NEW YORK (
U.S. Global Investors) -- It was a challenging week for gold investors.
Although the yellow metal has been on a spectacular 11-year bull run, recent strength in the economy has some thinking gold's heyday is over.
As I often say, investing, like life, is about managing expectations: Even throughout gold's decade-long rise, price action over the short term has gone both ways.
It helps to look at what happens after short-term drops.
For example, looking at the past decade of one-day, 5% declines in gold, you can see that this event is pretty rare.
In 2006, gold dropped more than 5% in a day only twice. In 2008, there were three such events. Another one occurred at the end of this February.
The 1.7% drop experienced over the past month shouldn't surprise gold investors given the seasonal pattern for gold. Whereas gold rises nearly 2% in both January and February, over the past 11 years, it's been a nonevent for gold to correct in March.

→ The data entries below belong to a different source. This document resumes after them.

(* Let $\bar u=\langle F_i\mid i<\omega\rangle$, with maps $f^m_n\in\ddagger\mathcal{F}_P(F_m,F_n)$, be a Fraïssé sequence for the category $\ddagger\mathcal{F}_P$, and let $(\mathbb F,E)$ be its limit. Then $E\subseteq\mathrm{End}(\mathbb F)$ and $E$ is dense in $\mathbb F$.
   Context: Fix $P\subseteq\{3,4,\ldots,\infty\}$. A finite tree is viewed as a graph with reflexive symmetric edge relation $R$. For finite trees $A,B$, a monotone epimorphism $f\colon B\to A$ (edges map onto edges and preimages of connected sets are connected) is weakly coherent at a vertex $a\in A$ with $\mathrm{ord}(a)=n\geq 3$ if there is $b\in f^{-1}(a)$ (the witness) with $\mathrm{ord}(b)\geq n$ such that the preimages under $f$ of the $n$ distinct connected components of $A\setminus\{a\}$ lie in $n$ distinct connected components of $B\setminus\{b\}$; $f$ is weakly coherent if this holds at every $a$ with $\mathrm{ord}(a)\geq3$. The category $\ddagger\mathcal{F}_P$: objects are finite trees $A$ having at least one ramification point, in which every vertex is an endpoint or a ramification point, each ramification point $a$ carries exactly one label $p\in P$ (unary predicate $U_p(a)$) with $\mathrm{ord}(a)\leq p$, and endpoints carry no label. An arrow $f\in\ddagger\mathcal{F}_P(B,A)$ is a pair $(p(f),e(f))$ where $p(f)\colon B\to A$ is a weakly coherent epimorphism of trees such that whenever $U_p(a)$ holds and $b$ witnesses the weak coherence of $p(f)$ at $a$, then $U_p(b)$ holds; and $e(f)\colon\mathrm{End}(A)\to\mathrm{End}(B)$ is a map with $p(f)\circ e(f)=\mathrm{Id}_{\mathrm{End}(A)}$ (here $\mathrm{End}(X)$ is the set of endpoints). Composition is $f\circ g=(p(f)\circ p(g),e(g)\circ e(f))$. A Fraïssé sequence for $\ddagger\mathcal{F}_P$ is a sequence $\langle F_n\rangle$ with arrows $f^m_n\in\ddagger\mathcal{F}_P(F_m,F_n)$ such that (1) for every object $X$ there is $n$ with $\ddagger\mathcal{F}_P(F_n,X)\neq\varnothing$, and (2) for every $n$ and every arrow $f\in\ddagger\mathcal{F}_P(Y,F_n)$ there exist $m\geq n$ and $g\in\ddagger\mathcal{F}_P(F_m,Y)$ with $f\circ g=f^m_n$. The limit of such a sequence is the pair $(\mathbb F,E)$, where $\mathbb F\subseteq\prod_i F_i$ is the inverse limit (as a topological graph, with product topology of discrete spaces) of the projections $p(f^{m}_n)$, with canonical projections $f_m\colon\mathbb F\to F_m$, and $E$ is the direct limit of the embedding parts $e(f^m_n)$, i.e. the countable set of points of $\mathbb F$ determined by sequences of the form $(p(f^m_0)(y),\ldots,p(f^m_{m-1})(y),y,e(f^{m+1}_m)(y),e(f^{m+2}_m)(y),\ldots)$ for $y\in\mathrm{End}(F_m)$. An endpoint of a topological graph $G$ is a vertex $x$ such that whenever an arc is embedded in $G$ through $x$, $x$ is the image of an endpoint of the arc. *)

theory Defs
  imports "HOL-Analysis.Analysis" "HOL-Library.Extended_Nat"
begin

text \<open>A finite graph with vertices in nat: vertex set, reflexive symmetric edge
relation, and a label function (Some p means that U_p holds, None means no label).\<close>

record ltree =
  V   :: "nat set"
  R   :: "nat \<Rightarrow> nat \<Rightarrow> bool"
  lab :: "nat \<Rightarrow> enat option"

definition restr :: "ltree \<Rightarrow> nat set \<Rightarrow> nat \<Rightarrow> nat \<Rightarrow> bool" where
  "restr G S = (\<lambda>a b. a \<in> S \<and> b \<in> S \<and> R G a b)"

definition conn_set :: "ltree \<Rightarrow> nat set \<Rightarrow> bool" where
  "conn_set G S \<longleftrightarrow> S \<subseteq> V G \<and> (\<forall>x\<in>S. \<forall>y\<in>S. (restr G S)\<^sup>*\<^sup>* x y)"

definition is_tree :: "ltree \<Rightarrow> bool" where
  "is_tree G \<longleftrightarrow> finite (V G) \<and> V G \<noteq> {}
     \<and> (\<forall>x y. R G x y \<longrightarrow> x \<in> V G \<and> y \<in> V G)
     \<and> (\<forall>x\<in>V G. R G x x)
     \<and> (\<forall>x y. R G x y \<longrightarrow> R G y x)
     \<and> conn_set G (V G)
     \<and> \<not> (\<exists>cs. 3 \<le> length cs \<and> distinct cs \<and> set cs \<subseteq> V G
            \<and> (\<forall>i < length cs. R G (cs ! i) (cs ! ((i + 1) mod length cs))))"

definition ord :: "ltree \<Rightarrow> nat \<Rightarrow> nat" where
  "ord G a = card {y \<in> V G. y \<noteq> a \<and> R G a y}"

definition Ends :: "ltree \<Rightarrow> nat set" where
  "Ends G = {a \<in> V G. ord G a = 1}"

definition comps :: "ltree \<Rightarrow> nat \<Rightarrow> nat set set" where
  "comps G a = {C. \<exists>x \<in> V G - {a}. C = {y \<in> V G - {a}. (restr G (V G - {a}))\<^sup>*\<^sup>* x y}}"

definition preim :: "ltree \<Rightarrow> (nat \<Rightarrow> nat) \<Rightarrow> nat set \<Rightarrow> nat set" where
  "preim B f S = {x \<in> V B. f x \<in> S}"

definition epi :: "ltree \<Rightarrow> ltree \<Rightarrow> (nat \<Rightarrow> nat) \<Rightarrow> bool" where
  "epi B A f \<longleftrightarrow> (\<forall>x\<in>V B. f x \<in> V A)
     \<and> (\<forall>x y. R B x y \<longrightarrow> R A (f x) (f y))
     \<and> (\<forall>a a'. R A a a' \<longrightarrow> (\<exists>b b'. R B b b' \<and> f b = a \<and> f b' = a'))"

definition mono_epi :: "ltree \<Rightarrow> ltree \<Rightarrow> (nat \<Rightarrow> nat) \<Rightarrow> bool" where
  "mono_epi B A f \<longleftrightarrow> epi B A f \<and> (\<forall>S. conn_set A S \<longrightarrow> conn_set B (preim B f S))"

definition wc_witness :: "ltree \<Rightarrow> ltree \<Rightarrow> (nat \<Rightarrow> nat) \<Rightarrow> nat \<Rightarrow> nat \<Rightarrow> bool" where
  "wc_witness B A f a b \<longleftrightarrow> b \<in> V B \<and> f b = a \<and> ord A a \<le> ord B b
     \<and> (\<exists>\<phi>. inj_on \<phi> (comps A a)
          \<and> (\<forall>C\<in>comps A a. \<phi> C \<in> comps B b \<and> preim B f C \<subseteq> \<phi> C))"

definition weakly_coherent :: "ltree \<Rightarrow> ltree \<Rightarrow> (nat \<Rightarrow> nat) \<Rightarrow> bool" where
  "weakly_coherent B A f \<longleftrightarrow> mono_epi B A f
     \<and> (\<forall>a\<in>V A. 3 \<le> ord A a \<longrightarrow> (\<exists>b. wc_witness B A f a b))"

definition is_obj :: "enat set \<Rightarrow> ltree \<Rightarrow> bool" where
  "is_obj P A \<longleftrightarrow> is_tree A
     \<and> (\<exists>a\<in>V A. 3 \<le> ord A a)
     \<and> (\<forall>a\<in>V A. ord A a = 1 \<or> 3 \<le> ord A a)
     \<and> (\<forall>a\<in>V A. 3 \<le> ord A a \<longrightarrow> (\<exists>p\<in>P. lab A a = Some p \<and> enat (ord A a) \<le> p))
     \<and> (\<forall>a\<in>V A. ord A a = 1 \<longrightarrow> lab A a = None)"

record arrow =
  pm :: "nat \<Rightarrow> nat"
  em :: "nat \<Rightarrow> nat"

definition is_arrow :: "enat set \<Rightarrow> ltree \<Rightarrow> ltree \<Rightarrow> arrow \<Rightarrow> bool" where
  "is_arrow P B A f \<longleftrightarrow> weakly_coherent B A (pm f)
     \<and> (\<forall>a\<in>V A. \<forall>b p. lab A a = Some p \<and> wc_witness B A (pm f) a b \<longrightarrow> lab B b = Some p)
     \<and> (\<forall>y\<in>Ends A. em f y \<in> Ends B \<and> pm f (em f y) = y)"

definition comp :: "arrow \<Rightarrow> arrow \<Rightarrow> arrow" where
  "comp f g = \<lparr>pm = pm f \<circ> pm g, em = em g \<circ> em f\<rparr>"

definition id_arrow :: arrow where
  "id_arrow = \<lparr>pm = id, em = id\<rparr>"

text \<open>Equality of arrows in the hom-set from B to A (as maps on the relevant carriers).\<close>
definition arr_eq :: "ltree \<Rightarrow> ltree \<Rightarrow> arrow \<Rightarrow> arrow \<Rightarrow> bool" where
  "arr_eq B A f g \<longleftrightarrow> (\<forall>x\<in>V B. pm f x = pm g x) \<and> (\<forall>y\<in>Ends A. em f y = em g y)"

definition fraisse_seq :: "enat set \<Rightarrow> (nat \<Rightarrow> ltree) \<Rightarrow> (nat \<Rightarrow> nat \<Rightarrow> arrow) \<Rightarrow> bool" where
  "fraisse_seq P F f \<longleftrightarrow>
     (\<forall>n. is_obj P (F n))
   \<and> (\<forall>n m. n \<le> m \<longrightarrow> is_arrow P (F m) (F n) (f m n))
   \<and> (\<forall>n. arr_eq (F n) (F n) (f n n) id_arrow)
   \<and> (\<forall>n m k. n \<le> m \<and> m \<le> k \<longrightarrow> arr_eq (F k) (F n) (f k n) (comp (f m n) (f k m)))
   \<and> (\<forall>X. is_obj P X \<longrightarrow> (\<exists>n g. is_arrow P (F n) X g))
   \<and> (\<forall>n Y g. is_obj P Y \<and> is_arrow P Y (F n) g \<longrightarrow>
        (\<exists>m\<ge>n. \<exists>h. is_arrow P (F m) Y h \<and> arr_eq (F m) (F n) (comp g h) (f m n)))"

In addition, it's a good reminder that bullion has historically been less volatile than the stock market: The 12-month rolling volatility over the past 10 years for gold was 13%. For the
index, the 12-month rolling volatility over the same period was 19%.
This March, there seemed to be one main driver 8,000 miles away negatively affecting gold prices. I often say that government policy is a precursor to change, and fiscal policy strongly affected the Love Trade in India last month.
To trim its current account deficit, India's finance minister proposed doubling the customs tax on the precious metal. It was soon reported that jewelers closed shops in protest.
As a result, gold imports into the world's largest gold market fell 55%.
It's not the customs tax that has the gold shops boycotting, says UBS Investment Research.
Jewelers' "prime gripe is with the new 1 percent excise duty on unbranded jewelry" leading to a greater recording of gold transactions, which means more regulation and red tape, UBS said.
What's so egregious to jewelers is the excise tax will be retroactive, so those shop owners holding old gold stocks will have to pay duty on those as well, the firm added.
Jewelers and bullion traders in India did call off their strike on Friday after India's finance minister said the government would address the concern of the duty on gold jewelry.
But the boycotting may arise again as the levy proposal will be up for consideration in parliament in early May.